[[ Extracted information open ]]

(* Let $\Gamma\in\mathbb{R}^{n\times m}$ and let $R:\mathbb{R}^n_{\ge0}\to\mathbb{R}^m$ be locally Lipschitz such that $\dot S=\Gamma R(S)$ leaves $\mathbb{R}^n_{\ge0}$ invariant and is forward complete; fix $\sigma\in\mathbb{R}^n_{\ge0}$ and consider $\dot x=R(\sigma+\Gamma x)$ on $X_\sigma=\{x\in\mathbb{R}^m:\sigma+\Gamma x\ge0\}$. Suppose $\Gamma$ has rank exactly $m-1$, with kernel spanned by a unit vector $v$ all of whose entries are positive. Let $x(t)$, $t\ge0$, be a solution of $\dot x=R(\sigma+\Gamma x)$ and $\pi_v(x)=x-(v'x)v$. Then $\Gamma x(t)$ is bounded if and only if $\pi_v x(t)$ is bounded.
   Context: Inequalities between vectors are componentwise; prime denotes transpose. *)

theory Defs
  imports "HOL-Analysis.Analysis"
begin

definition nonneg_orthant :: "(real^'n) set" where
  "nonneg_orthant = {S. \<forall>i. 0 \<le> S $ i}"

definition locally_lipschitz_on :: "('a::metric_space) set \<Rightarrow> ('a \<Rightarrow> 'b::metric_space) \<Rightarrow> bool" where
  "locally_lipschitz_on D f \<longleftrightarrow>
     (\<forall>x\<in>D. \<exists>u>0. \<exists>L. L-lipschitz_on (cball x u \<inter> D) f)"

definition invariant_forward_complete :: "real^'m^'n \<Rightarrow> (real^'n \<Rightarrow> real^'m) \<Rightarrow> bool" where
  "invariant_forward_complete \<Gamma> R \<longleftrightarrow>
     (\<forall>S0\<in>nonneg_orthant. \<exists>S::real \<Rightarrow> real^'n. S 0 = S0 \<and>
        (\<forall>t\<ge>0. S t \<in> nonneg_orthant \<and>
           (S has_vector_derivative (\<Gamma> *v R (S t))) (at t within {0..})))"

definition X_sigma :: "real^'m^'n \<Rightarrow> real^'n \<Rightarrow> (real^'m) set" where
  "X_sigma \<Gamma> \<sigma> = {x. \<sigma> + \<Gamma> *v x \<in> nonneg_orthant}"

definition proj_v :: "real^'m \<Rightarrow> real^'m \<Rightarrow> real^'m" where
  "proj_v v x = x - (v \<bullet> x) *\<^sub>R v"

end

theory Submission
  imports Defs
begin

(* Since \<Gamma> v = 0 we have \<Gamma> x = \<Gamma> (\<pi>\<^sub>v x),
   so boundedness of \<pi>\<^sub>v x gives boundedness of \<Gamma> x.  Conversely \<pi>\<^sub>v x lies in the
   hyperplane orthogonal to v, on which \<Gamma> is injective and hence bounded below,
   |\<Gamma> y| \<ge> e |y| with e > 0. *)

lemma inner_proj_v:
  assumes "norm v = 1"
  shows "v \<bullet> proj_v v z = 0"
  using assms by (simp add: proj_v_def inner_diff_right norm_eq_sqrt_inner)

lemma linear_proj_v:
  assumes "linear f" and "f v = 0"
  shows "f (proj_v v z) = f z"
  using assms by (simp add: proj_v_def linear_diff linear_scale)

lemma linear_bounded_below_on_orthogonal:
  fixes f :: "real^'m \<Rightarrow> 'b::euclidean_space"
  assumes "linear f" and kernel: "{y. f y = 0} = span {v}" and "norm v = 1"
  obtains e where "e > 0" and "\<And>y. v \<bullet> y = 0 \<Longrightarrow> e * norm y \<le> norm (f y)"
proof -
  let ?H = "{y::real^'m. v \<bullet> y = 0}"
  have "closed ?H" "subspace ?H"
    by (auto simp: closed_hyperplane subspace_def inner_add_right)
  moreover have "\<forall>y\<in>?H. f y = 0 \<longrightarrow> y = 0"
  proof (intro ballI impI)
    fix y assume "y \<in> ?H" "f y = 0"
    then obtain c where "y = c *\<^sub>R v"
      using kernel by (auto simp: span_singleton)
    with \<open>y \<in> ?H\<close> \<open>norm v = 1\<close> show "y = 0"
      by (simp add: norm_eq_sqrt_inner)
  qed
  ultimately obtain e where "e > 0" "\<forall>y\<in>?H. e * norm y \<le> norm (f y)"
    using injective_imp_isometric[of ?H f] \<open>linear f\<close> linear_conv_bounded_linear by blast
  then show thesis using that by auto
qed

lemma bounded_linear_image_iff_bounded_proj_v:
  fixes f :: "real^'m \<Rightarrow> 'b::euclidean_space"
  assumes "linear f" and kernel: "{y. f y = 0} = span {v}" and "norm v = 1"
  shows "bounded (f ` X) \<longleftrightarrow> bounded (proj_v v ` X)"
proof -
  have "f v = 0" using kernel span_base[of v "{v}"] by blast
  with \<open>linear f\<close> have f_proj_v: "f (proj_v v z) = f z" for z
    by (rule linear_proj_v)
  show ?thesis
  proof
    obtain e where "e > 0" and e: "\<And>y. v \<bullet> y = 0 \<Longrightarrow> e * norm y \<le> norm (f y)"
      using linear_bounded_below_on_orthogonal[OF assms] by blast
    assume "bounded (f ` X)"
    then obtain B where B: "\<And>z. z \<in> X \<Longrightarrow> norm (f z) \<le> B"
      by (auto simp: bounded_iff)
    have "norm (proj_v v z) \<le> B / e" if "z \<in> X" for z
    proof -
      have "e * norm (proj_v v z) \<le> norm (f (proj_v v z))"
        by (rule e[OF inner_proj_v[OF \<open>norm v = 1\<close>]])
      also have "\<dots> \<le> B"
        using B that by (simp add: f_proj_v)
      finally show ?thesis using \<open>e > 0\<close> by (simp add: field_simps)
    qed
    then show "bounded (proj_v v ` X)" by (auto simp: bounded_iff)
  next
    assume "bounded (proj_v v ` X)"
    then have "bounded (f ` proj_v v ` X)"
      using bounded_linear_image \<open>linear f\<close> linear_conv_bounded_linear by blast
    then show "bounded (f ` X)"
      by (simp add: image_image f_proj_v)
  qed
qed

theorem lemma5:
  fixes \<Gamma> :: "real^'m^'n"
    and R :: "real^'n \<Rightarrow> real^'m"
    and \<sigma> :: "real^'n"
    and v :: "real^'m"
    and x :: "real \<Rightarrow> real^'m"
  assumes R_lip: "locally_lipschitz_on nonneg_orthant R"
    and inv_compl: "invariant_forward_complete \<Gamma> R"
    and sigma_nonneg: "\<sigma> \<in> nonneg_orthant"
    and rank_Gamma: "rank \<Gamma> = CARD('m) - 1"
    and kernel: "{y. \<Gamma> *v y = 0} = span {v}"
    and v_unit: "norm v = 1"
    and v_pos: "\<forall>i. 0 < v $ i"
    and x_in: "\<forall>t\<ge>0. x t \<in> X_sigma \<Gamma> \<sigma>"
    and x_sol: "\<forall>t\<ge>0. (x has_vector_derivative R (\<sigma> + \<Gamma> *v x t)) (at t within {0..})"
  shows "bounded ((\<lambda>t. \<Gamma> *v x t) ` {0..}) \<longleftrightarrow> bounded ((\<lambda>t. proj_v v (x t)) ` {0..})"
  using bounded_linear_image_iff_bounded_proj_v[of "(*v) \<Gamma>" v "x ` {0..}"]
    kernel v_unit matrix_vector_mul_linear
  by (simp add: image_image)

end
(* Let $\mathcal{X}=\mathcal{X}^{(1)}\times\cdots\times\mathcal{X}^{(d)}$ with each $\mathcal{X}^{(j)}$ finite, $\pi$ a positive probability mass on $\mathcal{X}$, $\emptyset\ne S\subseteq\{1,\dots,d\}$, and $P$ a lazy, ergodic, $\pi$-reversible transition matrix on $\mathcal{X}$. Then $\gamma(P)\le\gamma(P^{(S)}\otimes P^{(-S)})$; in particular $t_{rel}(P)\ge t_{rel}(P^{(S)}\otimes P^{(-S)})$.
   Context: $P$ is lazy if $P(x,x)\ge1/2$ for all $x$. For $S\subseteq\{1,\dots,d\}$: $\pi^{(S)}(x^{(S)})=\sum_{x^{(-S)}}\pi(x)$ and $P^{(S)}(x^{(S)},y^{(S)}):=\frac{\sum_{x^{(-S)},y^{(-S)}}\pi(x)P(x,y)}{\pi^{(S)}(x^{(S)})}$; $P^{(-S)}:=P^{(\{1,\dots,d\}\setminus S)}$. $(P^{(S)}\otimes P^{(-S)})(x,y)=P^{(S)}(x^{(S)},y^{(S)})P^{(-S)}(x^{(-S)},y^{(-S)})$, with stationary distribution $\pi^{(S)}\otimes\pi^{(-S)}$. The right spectral gap of a chain $Q$ with stationary $\mu$ is $\gamma(Q)=\inf_{\mathrm{Var}_\mu f\ne0}\frac{\frac12\sum_{x,y}\mu(x)Q(x,y)(f(x)-f(y))^2}{\mathrm{Var}_\mu(f)}$, and $t_{rel}(Q)=1/\gamma(Q)$. *)

theory Defs
  imports "HOL-Analysis.Analysis"
begin

text \<open>A transition matrix is a function Q :: 'x => 'x => real; only its values on
  \<Omega> x \<Omega> matter.\<close>

definition stochastic_on :: "'x set \<Rightarrow> ('x \<Rightarrow> 'x \<Rightarrow> real) \<Rightarrow> bool" where
  "stochastic_on \<Omega> Q \<longleftrightarrow> (\<forall>x\<in>\<Omega>. \<forall>y\<in>\<Omega>. Q x y \<ge> 0) \<and> (\<forall>x\<in>\<Omega>. (\<Sum>y\<in>\<Omega>. Q x y) = 1)"

definition prob_mass_pos :: "'x set \<Rightarrow> ('x \<Rightarrow> real) \<Rightarrow> bool" where
  "prob_mass_pos \<Omega> \<mu> \<longleftrightarrow> (\<forall>x\<in>\<Omega>. \<mu> x > 0) \<and> (\<Sum>x\<in>\<Omega>. \<mu> x) = 1"

definition lazy_on :: "'x set \<Rightarrow> ('x \<Rightarrow> 'x \<Rightarrow> real) \<Rightarrow> bool" where
  "lazy_on \<Omega> Q \<longleftrightarrow> (\<forall>x\<in>\<Omega>. Q x x \<ge> 1/2)"

definition reversible_on :: "'x set \<Rightarrow> ('x \<Rightarrow> real) \<Rightarrow> ('x \<Rightarrow> 'x \<Rightarrow> real) \<Rightarrow> bool" where
  "reversible_on \<Omega> \<mu> Q \<longleftrightarrow> (\<forall>x\<in>\<Omega>. \<forall>y\<in>\<Omega>. \<mu> x * Q x y = \<mu> y * Q y x)"

fun mpow :: "'x set \<Rightarrow> ('x \<Rightarrow> 'x \<Rightarrow> real) \<Rightarrow> nat \<Rightarrow> 'x \<Rightarrow> 'x \<Rightarrow> real" where
  "mpow \<Omega> Q 0 x y = (if x = y then 1 else 0)"
| "mpow \<Omega> Q (Suc n) x y = (\<Sum>z\<in>\<Omega>. mpow \<Omega> Q n x z * Q z y)"

definition irreducible_on :: "'x set \<Rightarrow> ('x \<Rightarrow> 'x \<Rightarrow> real) \<Rightarrow> bool" where
  "irreducible_on \<Omega> Q \<longleftrightarrow> (\<forall>x\<in>\<Omega>. \<forall>y\<in>\<Omega>. \<exists>n. mpow \<Omega> Q n x y > 0)"

definition aperiodic_on :: "'x set \<Rightarrow> ('x \<Rightarrow> 'x \<Rightarrow> real) \<Rightarrow> bool" where
  "aperiodic_on \<Omega> Q \<longleftrightarrow> (\<forall>x\<in>\<Omega>. Gcd {n. n \<ge> 1 \<and> mpow \<Omega> Q n x x > 0} = 1)"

[[ Extracted information closed ]]

▶ What is required: In the listing above, which lines include the string "auto"? Return every one of them.

▶ Exercise output:
    by (auto simp: closed_hyperplane subspace_def inner_add_right)
      using kernel by (auto simp: span_singleton)
  then show thesis using that by auto
      by (auto simp: bounded_iff)
    then show "bounded (proj_v v ` X)" by (auto simp: bounded_iff)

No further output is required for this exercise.